→ **What needs to be done**: Your task is to copy the lines of the data below from the line holding "A \<subseteq> map" through the line holding "words_def by blast", inclusive, exactly and with nothing added.

→ **Data listing**:

private lemma there_and_back: "w \<in> words (h ` A) \<Longrightarrow> map h (map g w) = w"
  unfolding words_def map_map by (rule map_idI) (auto simp: f_inv_into_f)

lemma rewriting_system_rename: "rewriting_system (h ` A) (rename_rules h R)"
  unfolding rewriting_system_def rename_rules_def
proof (clarsimp)
  fix l r assume "(l, r) \<in> R"
  hence "l \<in> words A" "r \<in> words A" using rs unfolding rewriting_system_def by auto
  thus "map h l \<in> words (h ` A) \<and> map h r \<in> words (h ` A)"
    using words_rename[of h A] by blast
qed

lemma noetherian_rename:
  assumes "noetherian A R" shows "noetherian (h ` A) (rename_rules h R)"
  unfolding noetherian_def
proof
  assume "\<exists>c. (\<forall>i. c i \<in> words (h ` A)) \<and> (\<forall>i. (c i, c (Suc i)) \<in> rstep (rename_rules h R))"
  then obtain c where "\<forall>i. c i \<in> words (h ` A)" "\<forall>i. (c i, c (Suc i)) \<in> rstep (rename_rules h R)"
    by blast
  hence "(\<forall>i. map g (c i) \<in> words A) \<and> (\<forall>i. (map g (c i), map g (c (Suc i))) \<in> rstep R)"
    using back_words back_rstep by blast
  hence "\<exists>d. (\<forall>i. d i \<in> words A) \<and> (\<forall>i. (d i, d (Suc i)) \<in> rstep R)"
    by (rule exI[of _ "\<lambda>i. map g (c i)"])
  thus False using assms unfolding noetherian_def by blast
qed

lemma confluent_rename: "confluent A R \<Longrightarrow> confluent (h ` A) (rename_rules h R)"
  unfolding confluent_def
proof (intro ballI allI impI)
  fix u v v' assume c: "\<forall>u\<in>words A. \<forall>v v'. (u, v) \<in> (rstep R)\<^sup>* \<and> (u, v') \<in> (rstep R)\<^sup>* \<longrightarrow>
      (\<exists>w. (v, w) \<in> (rstep R)\<^sup>* \<and> (v', w) \<in> (rstep R)\<^sup>*)"
    and u: "u \<in> words (h ` A)"
    and h: "(u, v) \<in> (rstep (rename_rules h R))\<^sup>* \<and> (u, v') \<in> (rstep (rename_rules h R))\<^sup>*"
  have "(map g u, map g v) \<in> (rstep R)\<^sup>*" "(map g u, map g v') \<in> (rstep R)\<^sup>*"
    using rsteps_rename[of _ _ "rename_rules h R" g] h rename_rules_inverse[OF rs inj] by auto
  then obtain w where "(map g v, w) \<in> (rstep R)\<^sup>*" "(map g v', w) \<in> (rstep R)\<^sup>*"
    using c back_words[OF u] by blast
  hence "(map h (map g v), map h w) \<in> (rstep (rename_rules h R))\<^sup>*"
    "(map h (map g v'), map h w) \<in> (rstep (rename_rules h R))\<^sup>*"
    using rsteps_rename by blast+
  moreover have "v \<in> words (h ` A)" "v' \<in> words (h ` A)"
    using rsteps_words[OF rewriting_system_rename _ u] h by auto
  ultimately show "\<exists>w. (v, w) \<in> (rstep (rename_rules h R))\<^sup>* \<and> (v', w) \<in> (rstep (rename_rules h R))\<^sup>*"
    using there_and_back by auto
qed

lemma defined_by_rename:
  assumes "defined_by S f A R" shows "defined_by S f (h ` A) (rename_rules h R)"
proof -
  obtain \<phi> where \<phi>: "\<phi> ` words A = S" "\<forall>u\<in>words A. \<forall>v\<in>words A. \<phi> (u @ v) = f (\<phi> u) (\<phi> v)"
    "\<forall>u\<in>words A. \<forall>v\<in>words A. \<phi> u = \<phi> v \<longleftrightarrow> (u, v) \<in> rcong R"
    using assms unfolding defined_by_def by blast
  have "map g ` words (h ` A) = words A"
  proof
    show "words A \<subseteq> map g ` words (h ` A)"
    proof
      fix w assume w: "w \<in> words A"
      hence "map h w \<in> words (h ` A)" using words_rename by blast
      moreover have "map g (map h w) = w" using map_inv_into_map[OF inj] w unfolding words_def by blast
      ultimately show "w \<in> map g ` words (h ` A)" by (metis image_eqI)
    qed
  qed (use back_words in blast)
  hence image: "(\<lambda>w. \<phi> (map g w)) ` words (h ` A) = S" using \<phi>(1) by (simp only: image_image[symmetric])
  have kernel: "(map g u, map g v) \<in> rcong R \<longleftrightarrow> (u, v) \<in> rcong (rename_rules h R)"
    if "u \<in> words (h ` A)" "v \<in> words (h ` A)" for u v
  proof
    assume "(map g u, map g v) \<in> rcong R"
    from rcong_rename[OF this, of h] show "(u, v) \<in> rcong (rename_rules h R)"
      using there_and_back that by simp
  next
    assume "(u, v) \<in> rcong (rename_rules h R)"
    from rcong_rename[OF this, of g] show "(map g u, map g v) \<in> rcong R"
      using rename_rules_inverse[OF rs inj] by simp
  qed
  show ?thesis unfolding defined_by_def
  proof (intro exI[of _ "\<lambda>w. \<phi> (map g w)"] conjI ballI image)
    fix u v assume u: "u \<in> words (h ` A)" and v: "v \<in> words (h ` A)"
    show "\<phi> (map g (u @ v)) = f (\<phi> (map g u)) (\<phi> (map g v))"
      using \<phi>(2) back_words[OF u] back_words[OF v] by simp
    show "\<phi> (map g u) = \<phi> (map g v) \<longleftrightarrow> (u, v) \<in> rcong (rename_rules h R)"
      using \<phi>(3) back_words[OF u] back_words[OF v] kernel[OF u v] by simp
  qed
qed

end

lemma fcrs_definedI:
  fixes A :: "'b set"
  assumes "finite A" "finite R" "rewriting_system A R" "complete_rs A R" "defined_by S f A R"
  shows "fcrs_defined S f"
proof -
  obtain h :: "'b \<Rightarrow> nat" where "inj_on h A"
    using finite_imp_inj_to_nat_seg[OF assms(1)] by blast
  note rename = rewriting_system_rename[OF assms(3) this] noetherian_rename[OF assms(3) this]
    confluent_rename[OF assms(3) this] defined_by_rename[OF assms(3) this]
  have "rewriting_system (h ` A) (rename_rules h R)" "complete_rs (h ` A) (rename_rules h R)"
    "defined_by S f (h ` A) (rename_rules h R)"
    using assms(4,5) rename unfolding complete_rs_def by simp_all
  moreover have "finite (h ` A)" "finite (rename_rules h R)"
    using assms(1,2) unfolding rename_rules_def by simp_all
  ultimately show ?thesis unfolding fcrs_defined_def by blast
qed

lemma wf_union_commuting:
  assumes R: "wf R" and D: "wf D" and comm: "R O D \<subseteq> D O R"
  shows "wf (R \<union> D)"
proof -
  let ?T = "D\<^sup>* O R O D\<^sup>*"
  have "R O D \<subseteq> (R \<union> D)\<^sup>* O R" using comm by blast
  hence T: "wf ?T" using qc_wf_relto_iff[of R D] R by simp
  have "?T O D \<subseteq> ?T" by (auto intro: rtrancl_into_rtrancl)
  hence "wf (?T \<union> D)" using wf_union_compatible[OF T D] by simp
  moreover have "R \<subseteq> ?T" by (auto intro: relcompI)
  ultimately show ?thesis using wf_subset[of "?T \<union> D" "R \<union> D"] by blast
qed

→ **Solution to this problem**:
    show "words A \<subseteq> map g ` words (h ` A)"
    proof
      fix w assume w: "w \<in> words A"
      hence "map h w \<in> words (h ` A)" using words_rename by blast
      moreover have "map g (map h w) = w" using map_inv_into_map[OF inj] w unfolding words_def by blast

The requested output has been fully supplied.